Read This: Better With Friends - Helen Losse
Helen Losse's new collection Better With Friends ($14, Rank Stranger Press) is a book of devotion -- to friends, family, God and memory. At first glimpse, and without more careful reading, the collection might appear to be a book of "religious poems," but it's far from it. While God does get numerous mentions, it's always in context and there is a running thread through the poems as the narrator works to keep her faith in the face of death, war, racism and bigotry.
Also snaking through the book are memories of trains. The arrivals, departures, distant sounds and iconic images of engines pulling long lines of cars through mountain valleys act as metaphor to our own personal and spiritual journeys.
Writing in an accessible, narrative style, Losse groups the collection into short sections, with two long poems -- "There Is A Presence" and "Where the Reverie is Apt to Lead" -- taking up the last quarter of the book.

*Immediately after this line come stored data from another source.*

text \<open>Twisted conjugacy preserves the coset and, on the coset \<open>\<int>\<^sup>3 \<times> {True}\<close>, it is the
  coordinate relation of the automorphism conjugated by \<open>sigma\<close>.\<close>

lemma reid_rel_affine_aut:
  "((z, E), (z', E')) \<in> reid_rel Model (affine_aut a b c mu nu e d) \<longleftrightarrow>
    E = E' \<and> (if E' then coord_rel a (a - b) (- c) (- mu) (- nu) (- e) (- d) z z'
              else coord_rel a b c mu nu e d z z')"
proof -
  let ?M = "lin a b c mu nu" and ?d = "shift e d" and ?\<phi> = "affine_aut a b c mu nu e d"
  have twisted_conj: "model_mult (model_mult (x, X) (z', E')) (model_inv (?\<phi> (x, X))) =
    (if X then (if E' then x + sigma z' - sigma (?M x) - sigma ?d else x + sigma z' - ?M x - ?d)
          else (if E' then x + z' - sigma (?M x) else x + z' - ?M x), E')" for x X
    by (cases X; cases E')
      (auto simp: model_mult_def model_inv_def affine_aut_def sigma_add sigma_uminus sigma_diff algebra_simps)
  have "((z, E), (z', E')) \<in> reid_rel Model ?\<phi> \<longleftrightarrow>
     (\<exists>x X. (z, E) = model_mult (model_mult (x, X) (z', E')) (model_inv (?\<phi> (x, X))))"
    unfolding reid_rel_def by auto
  also have "\<dots> \<longleftrightarrow> E = E' \<and>
      (if E' then (\<exists>x. z = x + z' - sigma (?M x)) \<or> (\<exists>x. z = x + sigma z' - sigma (?M x) - sigma ?d)
       else (\<exists>x. z = x + z' - ?M x) \<or> (\<exists>x. z = x + sigma z' - ?M x - ?d))"
    unfolding twisted_conj by (cases E'; simp add: ex_bool_eq del: split_paired_Ex; blast)
  also have "\<dots> \<longleftrightarrow> E = E' \<and> (if E' then coord_rel a (a - b) (- c) (- mu) (- nu) (- e) (- d) z z'
                                 else coord_rel a b c mu nu e d z z')"
    unfolding coord_rel_def sigma_lin sigma_shift by (simp add: algebra_simps del: split_paired_Ex)
  finally show ?thesis .
qed

lemma reid_rel_affine_aut_refl: "(g, g) \<in> reid_rel Model (affine_aut a b c mu nu e d)"
  by (cases g) (simp add: reid_rel_affine_aut coord_rel_refl)

section \<open>Twisted conjugacy for automorphisms with \<open>a = -1\<close>\<close>

lemma ex_add_iff_diff_in_range: "(\<exists>x. z = z' + F x) \<longleftrightarrow> (z::'a::ab_group_add) - z' \<in> range F"
  by (metis add.commute diff_add_cancel add_diff_cancel_left' rangeE rangeI)

text \<open>The parameters of \<open>affine_aut (-1) b c mu (2 * n + 1) e d\<close>: for a surjective \<open>affine_aut (-1) b c mu nu e d\<close>,
  \<open>nu\<close> is odd by \<open>lin_surj_coeffs\<close>.\<close>

locale reversing_aut =
  fixes b c mu n e d :: int
begin

abbreviation "rel \<equiv> coord_rel (-1) b c mu (2 * n + 1) e d"

abbreviation "L \<equiv> lattice3 (2 * (1 + b)) (2 * c) (- mu) (- 2 * n) (- b) (- c)"

definition rho :: "int \<times> int \<times> int \<Rightarrow> int \<times> int \<times> int" where
  "rho z = sigma z - shift e d"

definition "D = - 4 * n * (1 + b) + 2 * c * mu"

lemma range_id_minus_lin: "range (\<lambda>x. x - lin (-1) b c mu (2 * n + 1) x) = L"
proof (intro equalityI subsetI)
  fix z assume "z \<in> range (\<lambda>x. x - lin (-1) b c mu (2 * n + 1) x)"
  then obtain u w t where "z = (u, w, t) - lin (-1) b c mu (2 * n + 1) (u, w, t)"
    by auto
  then have "z = (2 * (1 + b) * u + 2 * c * w, - mu * u + - 2 * n * w, - b * u + - c * w + 2 * t)"
    by (simp add: algebra_simps)
  then show "z \<in> L"
    by (simp only: lattice3I)
next
  fix z assume "z \<in> L"
  then obtain u w t where "z = (2 * (1 + b) * u + 2 * c * w, - mu * u + - 2 * n * w, - b * u + - c * w + 2 * t)"
    by (rule lattice3E)
  then have "z = (u, w, t) - lin (-1) b c mu (2 * n + 1) (u, w, t)"
    by (simp add: algebra_simps)
  then show "z \<in> range (\<lambda>x. x - lin (-1) b c mu (2 * n + 1) x)"
    by blast
qed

It's the latter poem that contains the line "This is a poem about living," which neatly sums up all the work to be found in this thoughtful collection.

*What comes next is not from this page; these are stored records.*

lemma has_derivative_normalized_cross3:
  fixes a b :: "'a::real_normed_vector \<Rightarrow> real^3"
  assumes da: "(a has_derivative Da) (at x)" and db: "(b has_derivative Db) (at x)"
    and c0: "a x \<times> b x \<noteq> 0"
  shows "((\<lambda>y. inverse (norm (a y \<times> b y)) *\<^sub>R (a y \<times> b y)) has_derivative
      (\<lambda>h. inverse (norm (a x \<times> b x)) *\<^sub>R (Da h \<times> b x + a x \<times> Db h)
        - (((a x \<times> b x) \<bullet> (Da h \<times> b x + a x \<times> Db h)) / norm (a x \<times> b x) ^ 3) *\<^sub>R (a x \<times> b x)))
      (at x)"
proof -
  define c where "c y = a y \<times> b y" for y
  define Dc where "Dc h = Da h \<times> b x + a x \<times> Db h" for h
  have dc: "(c has_derivative Dc) (at x)"
    using bounded_bilinear.FDERIV[OF bilinear_conv_bounded_bilinear[THEN iffD1, OF bilinear_cross]
        da db]
    unfolding c_def Dc_def by (simp add: add.commute)
  have "((\<lambda>y. norm (c y)) has_derivative (\<lambda>h. Dc h \<bullet> sgn (c x))) (at x)"
    using has_derivative_compose[OF dc has_derivative_norm[of "c x"]] c0 by (simp add: c_def)
  moreover have "norm (c x) \<noteq> 0"
    using c0 by (simp add: c_def)
  ultimately have "((\<lambda>y. inverse (norm (c y)) *\<^sub>R c y) has_derivative
      (\<lambda>h. inverse (norm (c x)) *\<^sub>R Dc h
        + (- (inverse (norm (c x)) * (Dc h \<bullet> sgn (c x)) * inverse (norm (c x)))) *\<^sub>R c x)) (at x)"
    by (intro has_derivative_scaleR Deriv.has_derivative_inverse dc)
  then show ?thesis
    unfolding c_def[symmetric] Dc_def[symmetric]
    by (rule has_derivative_eq_rhs) (simp add: fun_eq_iff sgn_div_norm inner_commute field_simps
        power3_eq_cube)
qed

lemma unit_normal_Ck1:
  assumes U: "open U" and Z: "Ck 2 U Z" and c: "\<And>x. x \<in> U \<Longrightarrow> pd_u Z x \<times> pd_v Z x \<noteq> 0"
  shows "Ck 1 U (unit_normal Z)"
proof -
  define a where "a = pd_u Z"
  define b where "b = pd_v Z"
  define Dn where "Dn x h = inverse (norm (a x \<times> b x)) *\<^sub>R
      (frechet_derivative a (at x) h \<times> b x + a x \<times> frechet_derivative b (at x) h)
    - (((a x \<times> b x) \<bullet> (frechet_derivative a (at x) h \<times> b x + a x \<times> frechet_derivative b (at x) h))
        / norm (a x \<times> b x) ^ 3) *\<^sub>R (a x \<times> b x)" for x h
  have a: "Ck 1 U a" and b: "Ck 1 U b"
    using Ck2_pd_Ck1[OF Z] by (simp_all add: a_def b_def)
  have dn: "(unit_normal Z has_derivative Dn x) (at x)" if "x \<in> U" for x
    using has_derivative_normalized_cross3[OF Ck1_has_derivative[OF U a that]
        Ck1_has_derivative[OF U b that]] c[OF that]
    unfolding Dn_def a_def b_def unit_normal_def[abs_def] by (simp add: inverse_eq_divide)
  have "continuous_on U (\<lambda>x. Dn x h)" for h
    unfolding Dn_def using c Ck1_continuous[OF a] Ck1_continuous[OF b]
      Ck1_continuous_derivative[OF a] Ck1_continuous_derivative[OF b]
    by (intro continuous_intros continuous_on_cross) (auto simp: a_def b_def)
  moreover have "frechet_derivative (unit_normal Z) (at x) = Dn x" if "x \<in> U" for x
    using dn[OF that] by (rule frechet_derivative_at[symmetric])
  ultimately have "continuous_on U (\<lambda>x. frechet_derivative (unit_normal Z) (at x) h)" for h
    by (simp cong: continuous_on_cong)
  moreover have "unit_normal Z differentiable_on U"
    using dn by (auto intro: differentiable_at_imp_differentiable_on differentiableI)
  ultimately show ?thesis
    by simp
qed

lemma weingarten_equations:
  assumes U: "open U" and Z: "Ck 2 U Z" and c: "\<And>x. x \<in> U \<Longrightarrow> pd_u Z x \<times> pd_v Z x \<noteq> 0"
    and x: "x \<in> U"
  defines "Dn \<equiv> frechet_derivative (unit_normal Z) (at x)"
  shows "Dn h \<bullet> pd_u Z x = - (unit_normal Z x \<bullet> frechet_derivative (pd_u Z) (at x) h)"
    and "Dn h \<bullet> pd_v Z x = - (unit_normal Z x \<bullet> frechet_derivative (pd_v Z) (at x) h)"
    and "Dn h \<bullet> unit_normal Z x = 0"
proof -
  have dn: "(unit_normal Z has_derivative Dn) (at x)"
    unfolding Dn_def using Ck1_has_derivative[OF U unit_normal_Ck1[OF U Z c] x] .
  have da: "(pd_u Z has_derivative frechet_derivative (pd_u Z) (at x)) (at x)"
    and db: "(pd_v Z has_derivative frechet_derivative (pd_v Z) (at x)) (at x)"
    using Ck1_has_derivative[OF U Ck2_pd_Ck1(1)[OF Z] x] Ck1_has_derivative[OF U Ck2_pd_Ck1(2)[OF Z] x]
    by auto
  show "Dn h \<bullet> pd_u Z x = - (unit_normal Z x \<bullet> frechet_derivative (pd_u Z) (at x) h)"
    using has_derivative_inner_const[OF U x _ dn da, of 0 h] unit_normal_orthogonal(1)
    by (simp add: eq_neg_iff_add_eq_0 add.commute)
  show "Dn h \<bullet> pd_v Z x = - (unit_normal Z x \<bullet> frechet_derivative (pd_v Z) (at x) h)"
    using has_derivative_inner_const[OF U x _ dn db, of 0 h] unit_normal_orthogonal(2)
    by (simp add: eq_neg_iff_add_eq_0 add.commute)
  have "unit_normal Z y \<bullet> unit_normal Z y = 1" if "y \<in> U" for y
    using norm_unit_normal[OF c[OF that]] by (simp add: dot_square_norm)
  then show "Dn h \<bullet> unit_normal Z x = 0"
    using has_derivative_inner_const[OF U x _ dn dn, of 1 h] by (simp add: inner_commute)
qed

lemma flat_gauss_map_rank_le_1:
  assumes U: "open U" and Z: "Ck 2 U Z" and c: "\<And>x. x \<in> U \<Longrightarrow> pd_u Z x \<times> pd_v Z x \<noteq> 0"
    and x: "x \<in> U" and flat: "gauss_curv Z x = 0"
  defines "Dn \<equiv> frechet_derivative (unit_normal Z) (at x)"
  shows "Dn (axis 1 1) \<times> Dn (axis 2 1) = 0"
proof -
  define n where "n = unit_normal Z x"
  define L where "L = n \<bullet> frechet_derivative (pd_u Z) (at x) (axis 1 1)"
  define M where "M = n \<bullet> frechet_derivative (pd_u Z) (at x) (axis 2 1)"
  define N where "N = n \<bullet> frechet_derivative (pd_v Z) (at x) (axis 2 1)"
  have "pd_u (pd_u Z) x \<bullet> n = L" "pd_v (pd_u Z) x \<bullet> n = M" "pd_v (pd_v Z) x \<bullet> n = N"
    by (simp_all add: L_def M_def N_def pd_u_def[of "pd_u Z"] pd_v_def[of "pd_u Z"]
        pd_v_def[of "pd_v Z"] inner_commute)
  then have "L * N - M\<^sup>2 = 0"
    using flat c[OF x] by (simp add: gauss_curv_unit_normal n_def)
  moreover have "M = n \<bullet> frechet_derivative (pd_v Z) (at x) (axis 1 1)"
    using pd_v_pd_u_commute[OF U Z x]
    by (simp add: M_def pd_u_def[of "pd_v Z"] pd_v_def[of "pd_u Z"])
  then have "Dn (axis 1 1) \<bullet> pd_u Z x = - L" "Dn (axis 2 1) \<bullet> pd_u Z x = - M"
    "Dn (axis 1 1) \<bullet> pd_v Z x = - M" "Dn (axis 2 1) \<bullet> pd_v Z x = - N"
    using weingarten_equations(1,2)[OF U Z c x]
    unfolding Dn_def L_def M_def N_def n_def by simp_all
  moreover have "Dn h \<bullet> (pd_u Z x \<times> pd_v Z x) = 0" for h
    using weingarten_equations(3)[OF U Z c x] cross_eq_norm_scaleR_unit_normal[of Z x]
    unfolding Dn_def by (metis inner_scaleR_right mult_zero_right)
  \<comment> \<open>By the Weingarten equations \<open>LN - M\<^sup>2\<close> is the minor \<open>(Dn e\<^sub>i \<bullet> X\<^sub>j)\<close>, and both
    \<open>Dn e\<^sub>i\<close> lie in the tangent plane.\<close>
  ultimately show ?thesis
    using c[OF x]
    by (intro cross_eq_0_if_orthogonal_det[where a = "pd_u Z x" and b = "pd_v Z x"])
       (simp_all add: power2_eq_square)
qed

lemma flat_gauss_map_rank_le_1_lower_halfplane:
  assumes U: "open U" and Z: "Ck 2 U Z" and c: "\<And>x. x \<in> U \<Longrightarrow> pd_u Z x \<times> pd_v Z x \<noteq> 0"
    and flat: "\<And>x. x \<in> U \<Longrightarrow> x$2 < 0 \<Longrightarrow> gauss_curv Z x = 0"
    and x: "x \<in> U" "x$2 \<le> 0"
  shows "frechet_derivative (unit_normal Z) (at x) (axis 1 1) \<times>
         frechet_derivative (unit_normal Z) (at x) (axis 2 1) = 0"
proof (rule continuous_on_eq_0_on_lower_halfplane[OF U x])
  show "continuous_on U (\<lambda>x. frechet_derivative (unit_normal Z) (at x) (axis 1 1) \<times>
                            frechet_derivative (unit_normal Z) (at x) (axis 2 1))"
    by (intro continuous_on_cross Ck1_continuous_derivative[OF unit_normal_Ck1[OF U Z c]])
qed (simp add: flat_gauss_map_rank_le_1[OF U Z c] flat)

section \<open>Integral curves of the kernel of the Gauss map\<close>

lemma dist_le_if_same_first_coordinate:
  fixes x y z :: "real^2"
  assumes "x$1 = y$1" "\<bar>x$2 - z$2\<bar> \<le> \<bar>y$2 - z$2\<bar>"
  shows "dist x z \<le> dist y z"
proof -
  have "(x$2 - z$2)\<^sup>2 \<le> (y$2 - z$2)\<^sup>2"
    using assms(2) abs_le_square_iff by blast
  then have "(dist x z)\<^sup>2 \<le> (dist y z)\<^sup>2"
    using assms(1) by (simp add: dist_vec_def L2_set_def sum_2 power2_eq_square dist_real_def)
  then show ?thesis
    by (rule power2_le_imp_le) simp
qed

text \<open>The chart \<open>(u, v) \<mapsto> (n\<^sub>k(u, v), v)\<close>: where \<open>dn\<close> has rank one and
  \<open>\<partial>n\<^sub>k/\<partial>u \<noteq> 0\<close>, the kernel lines of \<open>dn\<close> become vertical in it.\<close>

definition normal_component_chart :: "(real^2 \<Rightarrow> real^3) \<Rightarrow> 3 \<Rightarrow> real^2 \<Rightarrow> real^2" where
  "normal_component_chart n k y = (n y $ k) *\<^sub>R axis 1 1 + (y $ 2) *\<^sub>R axis 2 1"

lemma normal_component_chart_nth [simp]:
  "normal_component_chart n k y $ 1 = n y $ k" "normal_component_chart n k y $ 2 = y $ 2"
  by (simp_all add: normal_component_chart_def axis_def)

lemma frechet_derivative_normal_component_chart:
  fixes n :: "real^2 \<Rightarrow> real^3" and k :: 3 and x :: "real^2"
  defines "D \<equiv> \<lambda>h. (frechet_derivative n (at x) h $ k) *\<^sub>R axis 1 1 + (h $ 2) *\<^sub>R axis 2 1"
  assumes U: "open U" and n: "Ck 1 U n" and x: "x \<in> U"
  shows "(normal_component_chart n k has_derivative D) (at x)"
    and "frechet_derivative (normal_component_chart n k) (at x) = D"
proof -
  have "((\<lambda>y. n y $ k) has_derivative (\<lambda>h. frechet_derivative n (at x) h $ k)) (at x)"
    using bounded_linear.has_derivative[OF bounded_linear_vec_nth Ck1_has_derivative[OF U n x]] .
  moreover have "((\<lambda>y. y $ 2) has_derivative (\<lambda>h. h $ 2)) (at x)"
    using bounded_linear.has_derivative[OF bounded_linear_vec_nth has_derivative_ident] .
  ultimately show *: "(normal_component_chart n k has_derivative D) (at x)"
    unfolding normal_component_chart_def[abs_def] D_def by (intro derivative_intros)
  show "frechet_derivative (normal_component_chart n k) (at x) = D"
    using * by (rule frechet_derivative_at[symmetric])
qed

lemma normal_component_chart_Ck1:
  assumes U: "open U" and n: "Ck 1 U n"
  shows "Ck 1 U (normal_component_chart n k)"
proof -
  have "continuous_on U (\<lambda>x. frechet_derivative (normal_component_chart n k) (at x) h)" for h
    using Ck1_continuous_derivative[OF n]
    by (simp add: frechet_derivative_normal_component_chart(2)[OF U n] cong: continuous_on_cong)
       (intro continuous_intros)
  moreover have "normal_component_chart n k differentiable_on U"
    using frechet_derivative_normal_component_chart(1)[OF U n]
    by (auto intro: differentiable_at_imp_differentiable_on differentiableI)
  ultimately show ?thesis
    by simp
qed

Where the Reverie is Apt to Lead
This isn't about prayer as such
but concerns the yellow flowers and the barking dog,
the coffee shop downtown, where memory floods
the mind in uneven scenes, and no one prays or even
pauses as though he might pray, drinking the depth
of the city's drivel. This is a poem about living:
About visions in a world of dreams, about rough places
in the world's basement, where we see, hear,
and smell the vomit, before drifting off to chase truth.
This is about the man who sits in the gutter, wearing mis-
mated socks -- he's a lot like us -- and about
other common places the reveries might lead.